— Niech sobie pan przypomni, że zaraz w pierwszej chwili podejrzewałem Abd el Baraka o udział w tych nocnych wędrówkach.
— Nic sobie nie przypominam.
— Czyż nie powiedziałem panu, że duch będzie się mnie obawiał i że już go widziałem? Miałem na myśli Abd el Baraka. Domyślałem się, że to on ten dom niepokoi, ażeby wypędzić gospodynię, a potem i lokatorów, i przyśpieszyć w ten sposób przejście budynku na własność świętego bractwa.
— Więc pan się tego naprawdę domyślał? Mnie nie przyszłoby to nigdy na myśl. To straszne!
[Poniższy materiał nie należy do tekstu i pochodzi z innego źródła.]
lemma Limsup_window_limsup_le:
  assumes f: "f \<in> Linf" and "0 < \<theta>\<^sub>0"
  shows "Limsup at_top (window_limsup f) \<le> window_limsup f \<theta>\<^sub>0"
proof (rule ereal_le_epsilon2)
  fix e :: real assume "0 < e"
  obtain B where "0 \<le> B" and B: "AE x in lebesgue. \<bar>f x\<bar> \<le> B" using Linf_AE_bound[OF f] .
  obtain l where l: "window_limsup f \<theta>\<^sub>0 = ereal l" using window_limsup_finite[OF f \<open>0 < \<theta>\<^sub>0\<close>] .
  define c where "c = l + e"
  have "window_limsup f \<theta>\<^sub>0 < ereal c" using l \<open>0 < e\<close> by (simp add: c_def)
  then have "\<forall>\<^sub>F y in at_top. ereal ((1 / \<theta>\<^sub>0) * integral {y..y+\<theta>\<^sub>0} f) < ereal c"
    unfolding window_limsup_def by (rule Limsup_lessD)
  then obtain X where "\<And>y. X \<le> y \<Longrightarrow> (1 / \<theta>\<^sub>0) * integral {y..y+\<theta>\<^sub>0} f < c"
    unfolding eventually_at_top_linorder by auto
  then have short: "\<And>y. X \<le> y \<Longrightarrow> integral {y..y+\<theta>\<^sub>0} f \<le> \<theta>\<^sub>0 * c"
    using \<open>0 < \<theta>\<^sub>0\<close> by (fastforce simp: field_simps)
  have bound: "window_limsup f \<theta> \<le> ereal (c + (\<bar>c\<bar> + B) * \<theta>\<^sub>0 / \<theta>)" if "\<theta>\<^sub>0 \<le> \<theta>" for \<theta>
    unfolding window_limsup_def
  proof (rule Limsup_bounded, unfold eventually_at_top_linorder, intro exI allI impI)
    fix x assume "X \<le> x"
    have "integral {x..x+\<theta>} f \<le> \<theta> * c + (\<bar>c\<bar> + B) * \<theta>\<^sub>0"
      by (rule Linf_window_integral_le[OF f \<open>0 \<le> B\<close> B \<open>0 < \<theta>\<^sub>0\<close> that short \<open>X \<le> x\<close>])
    then show "ereal ((1 / \<theta>) * integral {x..x+\<theta>} f) \<le> ereal (c + (\<bar>c\<bar> + B) * \<theta>\<^sub>0 / \<theta>)"
      using \<open>0 < \<theta>\<^sub>0\<close> that by (simp add: field_simps)
  qed
  have "((\<lambda>\<theta>::real. c + (\<bar>c\<bar> + B) * \<theta>\<^sub>0 / \<theta>) \<longlongrightarrow> c + 0) at_top"
    by (intro tendsto_add tendsto_const tendsto_divide_0[OF tendsto_const
          filterlim_at_top_imp_at_infinity[OF filterlim_ident]])
  then have "Limsup at_top (\<lambda>\<theta>. ereal (c + (\<bar>c\<bar> + B) * \<theta>\<^sub>0 / \<theta>)) = ereal c"
    by (intro lim_imp_Limsup) (simp_all add: tendsto_ereal)
  moreover have "Limsup at_top (window_limsup f) \<le> Limsup at_top (\<lambda>\<theta>. ereal (c + (\<bar>c\<bar> + B) * \<theta>\<^sub>0 / \<theta>))"
    by (rule Limsup_mono) (use bound in \<open>auto simp: eventually_at_top_linorder\<close>)
  ultimately show "Limsup at_top (window_limsup f) \<le> window_limsup f \<theta>\<^sub>0 + ereal e"
    using l by (simp add: c_def)
qed
(* Under the hypotheses below, define for $r,r'\in C$ the two-layer transfer matrices $\mathbf T(r,r'):=T^{[0]}(r)\,T^{[1]}(r')$ and $\dot{\mathbf T}(r,r'):=\dot T^{[0]}(r)\,\dot T^{[1]}(r')$, operators on $W=\bigotimes_{l,m}V_{(1_l2_m)}$. If there exists $(t,t')\in C^2$ such that $\dot{\mathbf T}(t,t')$ is diagonalizable with pairwise distinct eigenvalues, then $[\mathbf T(r,r'),\mathbf T(s,s')]=0$ for all $(r,r'),(s,s')\in C^2$.
   Context: Let $V$ be a finite-dimensional complex vector space and $C$ a set (of spectral parameters). Let $R,\dot R,\ddot R,\dddot R:\mathbb{Z}/2\mathbb{Z}\times C^3\to\mathrm{End}(V\otimes V\otimes V)$ be maps; write $X^{[\sigma]}(r_1,r_2,r_3)$ for the value of $X\in\{R,\dot R,\ddot R,\dddot R\}$ at $(\sigma,r_1,r_2,r_3)$. Superscript colors $[\sigma]$ are always read modulo 2. Notation: consider a finite totally ordered set of "planes", each plane $\alpha$ carrying a parameter $r_\alpha\in C$. For each pair $\alpha<\beta$ let $V_{(\alpha\beta)}$ be a copy of $V$. For $\alpha<\beta<\gamma$, $X^{[\sigma]}_{(\alpha\beta\gamma)}$ denotes the operator on the tensor product of all the spaces $V_{(\cdot\cdot)}$ under consideration that acts as $X^{[\sigma]}(r_\alpha,r_\beta,r_\gamma)$ on $V_{(\alpha\beta)}\otimes V_{(\alpha\gamma)}\otimes V_{(\beta\gamma)}$ (in this order) and as the identity on all other factors. Bicolored tetrahedron equations (BTE$[\sigma]$): for any four planes $1<2<3<4$ with arbitrary parameters $r_1,r_2,r_3,r_4\in C$, on $V_{(12)}\otimes V_{(13)}\otimes V_{(14)}\otimes V_{(23)}\otimes V_{(24)}\otimes V_{(34)}$, $$R^{[\sigma]}_{(123)}\dot R^{[\sigma+1]}_{(124)}\ddot R^{[\sigma]}_{(134)}\dddot R^{[\sigma+1]}_{(234)}=\dddot R^{[\sigma]}_{(234)}\ddot R^{[\sigma+1]}_{(134)}\dot R^{[\sigma]}_{(124)}R^{[\sigma+1]}_{(123)}.$$ Fix integers $L,M\ge1$, planes $1_1<\dots<1_{2L}<2_1<\dots<2_{2M}$ with fixed arbitrary parameters $r_{1_l},r_{2_m}\in C$. Trace reduction: for planes $\alpha<\beta$ larger than all $1_l$, define $$\mathbf{R}^{[\sigma]}_{\alpha\beta}:=\mathrm{Tr}_{V_{(\alpha\beta)}}\Bigl(R^{[\sigma+1]}_{(1_1\alpha\beta)}R^{[\sigma+2]}_{(1_2\alpha\beta)}\cdots R^{[\sigma+2L]}_{(1_{2L}\alpha\beta)}\Bigr)$$ (partial trace over $V_{(\alpha\beta)}$), an operator on $\bigotimes_l(V_{(1_l\alpha)}\otimes V_{(1_l\beta)})$; $\dot{\mathbf R},\ddot{\mathbf R}$ are defined likewise from $\dot R,\ddot R$. Layer transfer matrix: for $r\in C$, let $3$ be an extra plane larger than all $2_m$ with parameter $r_3=r$, and set $$T^{[\sigma]}(r):=\mathrm{Tr}_{\bigotimes_l V_{(1_l3)}}\Bigl(\mathbf R^{[\sigma+1]}_{2_1 3}\,\mathbf R^{[\sigma+2]}_{2_2 3}\cdots\mathbf R^{[\sigma+2M]}_{2_{2M}3}\Bigr),$$ an operator on $W=\bigotimes_{l,m}V_{(1_l2_m)}$ (it depends only on $r$, not on the label of the extra plane). $\dot T^{[\sigma]}(r)$ is defined the same way with $\mathbf R$ replaced by $\dot{\mathbf R}$. Standing hypotheses: $R,\dot R,\ddot R,\dddot R$ satisfy BTE$[\sigma]$ for both $\sigma\in\mathbb{Z}/2\mathbb{Z}$ and all parameters; $\dddot R^{[\sigma]}(r_1,r_2,r_3)$ is invertible for all $\sigma$ and all $r_1,r_2,r_3\in C$; and for every $\sigma$ and all parameters of two planes $3<4$ larger than all $1_l,2_m$, the trace reduction $\ddot{\mathbf R}^{[\sigma]}_{34}$ is invertible. *)

theory Defs
  imports Complex_Main "HOL-Library.Z2" "HOL-Library.FuncSet"
begin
Ale teraz opowiedz pan, jak się to wszystko odbyło, gdyż słowom Selima nie mogę wierzyć.
— Pewnie, bo ten człowiek ma poprostu fenomenalną wyobraźnię.
Opowiedziałem mu, co się stało, jak mogłem najkrócej i najprościej, mimo to niełatwo mi uwierzył. W głowie mu się nie mogło pomieścić, że taki człowiek, jak Abd el Barak, wziął na siebie tak
Strona:Karol May - Chajjal.djvu/138
Ta strona została uwierzytelniona.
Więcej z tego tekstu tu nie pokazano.